Si annuncia dunque uno scontro piuttosto acceso. perché il Magistrato alle Acque e il Consorzio Venezia Nuova, con i nuovi consulenti, sono decisi a sostenere le loro tesi. E il Consorzio risponde al sindaco Cacciari, che aveva avvertito: «I veneziani sappiano che il Mose non eliminerà le acque alte, ma solo quelle eccezionali, una o due volte l’anno». «Il Mose è in grado di fermare tutte le acque alte», replica il pool di imoprese, «i 110 centimetri oggi definiti corrispondono alla quota in cui si è deciso di rialzare la città e possono essere modificati in qualsiasi momento». Una tesi però contestata dagli oppositori del Mose. Perché aumentando il numero delle chiusure aumentano anche i problemi ambientali della laguna e i danni all’economia del porto.

Oggi pomeriggio intanto secondo round tecnico nella sala verde di palazzo Chigi. «Potrebbe anche non bastare l’incontro di oggi, vedremo», dice il sindaco Cacciari, «in ogni caso finalmente ci si confronta nel merito». E il Comune annuncia nuovi studi critici e alternativi.

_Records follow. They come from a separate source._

lemma valid_partial_insert:
  assumes "valid_partial C \<pi>" "l \<notin> C" "p \<subseteq> {1..5}" "card p = 2"
    and new_pair: "\<And>e a. e \<in> T \<Longrightarrow> l \<in> crossing e \<Longrightarrow> crossing e \<inter> C = {a} \<Longrightarrow> p \<noteq> \<pi> a"
    and no_common: "\<And>e. e \<in> T \<Longrightarrow> l \<in> crossing e \<Longrightarrow> crossing e - {l} \<subseteq> C \<Longrightarrow>
      p \<inter> (\<Inter>a\<in>crossing e \<inter> C. \<pi> a) = {}"
  shows "valid_partial (insert l C) (\<pi>(l := p))"
proof -
  let ?\<pi> = "\<pi>(l := p)"
  have pairs: "\<pi> a \<subseteq> {1..5}" "card (\<pi> a) = 2" if "a \<in> C" for a
    using assms(1) that by (auto simp: valid_partial_def)
  have old: "crossing e \<inter> insert l C = crossing e \<inter> C"
    "(\<Inter>a\<in>crossing e \<inter> C. ?\<pi> a) = (\<Inter>a\<in>crossing e \<inter> C. \<pi> a)" if "l \<notin> crossing e" for e
    using that assms(2) by auto
  have new: "crossing e \<inter> insert l C = insert l (crossing e \<inter> C)"
    "(\<Inter>a\<in>insert l (crossing e \<inter> C). ?\<pi> a) = p \<inter> (\<Inter>a\<in>crossing e \<inter> C. \<pi> a)"
    if "l \<in> crossing e" for e
    using that assms(2) by auto
  have at_most_one: "card (\<Inter>a\<in>crossing e \<inter> insert l C. ?\<pi> a) \<le> 1"
    if e: "e \<in> T" "2 \<le> card (crossing e \<inter> insert l C)" for e
  proof (cases "l \<in> crossing e")
    case False
    then have "2 \<le> card (crossing e \<inter> C)" using e(2) old(1)[OF False] by simp
    then have "card (\<Inter>a\<in>crossing e \<inter> C. \<pi> a) \<le> 1"
      using assms(1) e(1) unfolding valid_partial_def by blast
    then show ?thesis using old[OF False] by simp
  next
    case True
    have "card (p \<inter> (\<Inter>a\<in>crossing e \<inter> C. \<pi> a)) \<le> 1"
    proof (rule card_Int_INT_le_1)
      show "finite (crossing e \<inter> C)" using finite_crossing by simp
      show "crossing e \<inter> C \<noteq> {}" using e(2) new(1)[OF True] by auto
      show "\<forall>a\<in>crossing e \<inter> C. card (\<pi> a) = 2" using pairs(2) by blast
      show "card (\<Inter>a\<in>crossing e \<inter> C. \<pi> a) \<le> 1" if "2 \<le> card (crossing e \<inter> C)"
        using assms(1) e(1) that unfolding valid_partial_def by blast
      show "p \<noteq> \<pi> b" if "crossing e \<inter> C = {b}" for b
        using new_pair[OF e(1) True that] .
    qed (rule assms(4))
    then show ?thesis using new[OF True] by simp
  qed
  have none: "(\<Inter>a\<in>crossing e. ?\<pi> a) = {}" if e: "e \<in> T" "crossing e \<subseteq> insert l C" for e
  proof (cases "l \<in> crossing e")
    case False
    then have "crossing e \<subseteq> C" using e(2) by blast
    then have "(\<Inter>a\<in>crossing e. \<pi> a) = {}" using assms(1) e(1) unfolding valid_partial_def by blast
    moreover have "(\<Inter>a\<in>crossing e. ?\<pi> a) = (\<Inter>a\<in>crossing e. \<pi> a)" using False by auto
    ultimately show ?thesis by simp
  next
    case True
    then have "crossing e = insert l (crossing e \<inter> C)" using e(2) by blast
    then show ?thesis using new(2)[OF True] no_common[OF e(1) True] e(2) by force
  qed
  show ?thesis
    unfolding valid_partial_def using pairs assms(3,4) at_most_one none by auto
qed

lemma valid_partial_extend:
  assumes "C \<subseteq> L" "l \<in> L" "l \<notin> C" "\<forall>a\<in>C. nesting a \<le> nesting l" "valid_partial C \<pi>"
  shows "\<exists>p. valid_partial (insert l C) (\<pi>(l := p))"
proof -
  obtain u v where l: "l = {u, v}" "u \<noteq> v" using link_pair assms(2) by blast
  define side where "side x = {e\<in>T. l \<in> crossing e \<and> l \<inter> S e = {x}}" for x
  have side_chain: "\<forall>e\<in>side x. \<forall>f\<in>side x.
      crossing e \<inter> C \<subseteq> crossing f \<inter> C \<or> crossing f \<inter> C \<subseteq> crossing e \<inter> C" for x
    using crossing_chain[OF assms(1,4)] by (auto simp: side_def)
  have side_sub: "side x \<subseteq> T" "\<forall>e\<in>side x. l \<in> crossing e" for x by (auto simp: side_def)
  obtain X\<^sub>u x\<^sub>u F\<^sub>u where u: "X\<^sub>u \<subseteq> {x\<^sub>u}" "F\<^sub>u \<subseteq> {1..5}" "card F\<^sub>u \<le> 2" "\<forall>y\<in>X\<^sub>u. F\<^sub>u \<subseteq> y"
    "card F\<^sub>u = 2 \<Longrightarrow> \<exists>e\<in>side u. card (crossing e) = 2"
    "\<And>e a. e \<in> side u \<Longrightarrow> crossing e \<inter> C = {a} \<Longrightarrow> \<pi> a \<in> X\<^sub>u"
    "\<And>e. e \<in> side u \<Longrightarrow> crossing e - {l} \<subseteq> C \<Longrightarrow> (\<Inter>a\<in>crossing e \<inter> C. \<pi> a) \<subseteq> F\<^sub>u"
    by (rule side_constraints[OF assms(3,5) side_sub[of u] side_chain[of u]]) (rule that)
  obtain X\<^sub>v x\<^sub>v F\<^sub>v where v: "X\<^sub>v \<subseteq> {x\<^sub>v}" "F\<^sub>v \<subseteq> {1..5}" "card F\<^sub>v \<le> 2" "\<forall>y\<in>X\<^sub>v. F\<^sub>v \<subseteq> y"
    "card F\<^sub>v = 2 \<Longrightarrow> \<exists>e\<in>side v. card (crossing e) = 2"
    "\<And>e a. e \<in> side v \<Longrightarrow> crossing e \<inter> C = {a} \<Longrightarrow> \<pi> a \<in> X\<^sub>v"
    "\<And>e. e \<in> side v \<Longrightarrow> crossing e - {l} \<subseteq> C \<Longrightarrow> (\<Inter>a\<in>crossing e \<inter> C. \<pi> a) \<subseteq> F\<^sub>v"
    by (rule side_constraints[OF assms(3,5) side_sub[of v] side_chain[of v]]) (rule that)
  have "\<not> (card F\<^sub>u = 2 \<and> card F\<^sub>v = 2)"
  proof
    assume "card F\<^sub>u = 2 \<and> card F\<^sub>v = 2"
    then obtain e f where "e \<in> side u" "f \<in> side v" "card (crossing e) = 2" "card (crossing f) = 2"
      using u(5) v(5) by blast
    then have "l \<inter> S e = l \<inter> S f"
      using tight_crossing_same_end[of e f l] assms(2) by (auto simp: side_def crossing_def)
    then show False using \<open>e \<in> side u\<close> \<open>f \<in> side v\<close> l(2) by (auto simp: side_def)
  qed
  then have "card F\<^sub>u + card F\<^sub>v \<le> 3" using u(3) v(3) by linarith
  then obtain p where p: "p \<subseteq> {1..5} - (F\<^sub>u \<union> F\<^sub>v)" "card p = 2" "p \<notin> X\<^sub>u \<union> X\<^sub>v"
    using ex_missing_pair[OF u(2) v(2) u(3) v(3) _ u(1) v(1) u(4) v(4)] by blast
  have sides: "e \<in> side u \<or> e \<in> side v" if e: "e \<in> T" "l \<in> crossing e" for e
  proof -
    obtain x where "l \<inter> S e = {x}"
      using e(2) card_1_singletonE unfolding crossing_def by blast
    then show ?thesis using e l(1) by (auto simp: side_def)
  qed
  have "valid_partial (insert l C) (\<pi>(l := p))"
  proof (rule valid_partial_insert[OF assms(5,3)])
    show "p \<subseteq> {1..5}" "card p = 2" using p by auto
    show "p \<noteq> \<pi> a" if "e \<in> T" "l \<in> crossing e" "crossing e \<inter> C = {a}" for e a
      using sides[OF that(1,2)] u(6) v(6) that(3) p(3) by blast
    show "p \<inter> (\<Inter>a\<in>crossing e \<inter> C. \<pi> a) = {}"
      if "e \<in> T" "l \<in> crossing e" "crossing e - {l} \<subseteq> C" for e
    proof -
      have "(\<Inter>a\<in>crossing e \<inter> C. \<pi> a) \<subseteq> F\<^sub>u \<union> F\<^sub>v"
        using sides[OF that(1,2)] u(7)[of e] v(7)[of e] that(3) by blast
      then show ?thesis using p(1) by blast
    qed
  qed
  then show ?thesis ..
qed

theorem ex_missing_pairs:
  "\<exists>\<pi>::'a set \<Rightarrow> nat set.
    (\<forall>a\<in>L. \<pi> a \<subseteq> {1..5} \<and> card (\<pi> a) = 2) \<and> (\<forall>e\<in>T. (\<Inter>a\<in>crossing e. \<pi> a) = {})"
proof -
  have "\<exists>\<pi>. valid_partial C \<pi>" if "C \<subseteq> L" for C
    using finite_subset[OF that finite_links] that
  proof (induction C rule: finite_ranking_induct[where f = nesting])
    case empty
    have "valid_partial {} (\<lambda>_. {})"
      using two_le_card_crossing by (fastforce simp: valid_partial_def)
    then show ?case by blast
  next
    case (insert l C)
    show ?case
    proof (cases "l \<in> C")
      case True
      then show ?thesis using insert.IH insert.prems by (simp add: insert_absorb)
    next
      case False
      obtain \<pi> where "valid_partial C \<pi>" using insert.IH insert.prems by auto
      then have "\<exists>p. valid_partial (insert l C) (\<pi>(l := p))"
        using valid_partial_extend[of C l] insert False by auto
      then show ?thesis by blast
    qed
  qed
  then obtain \<pi> where "valid_partial L \<pi>" by blast
  moreover have "crossing e \<subseteq> L" for e by (auto simp: crossing_def)
  ultimately show ?thesis by (auto simp: valid_partial_def)
qed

Il confronto «tecnico» voluto da Cacciari, in attesa del Comitatone decisivo che si dovrà svolgere entro novembre, potrebbe però trasformarsi in polemica politica. Alla riunione di oggi ha annunciato la sua presenza anche il presidente della Regione Giancarlo Galan, da sempre convinto sostenitore del progetto del Consorzio Venezia Nuova.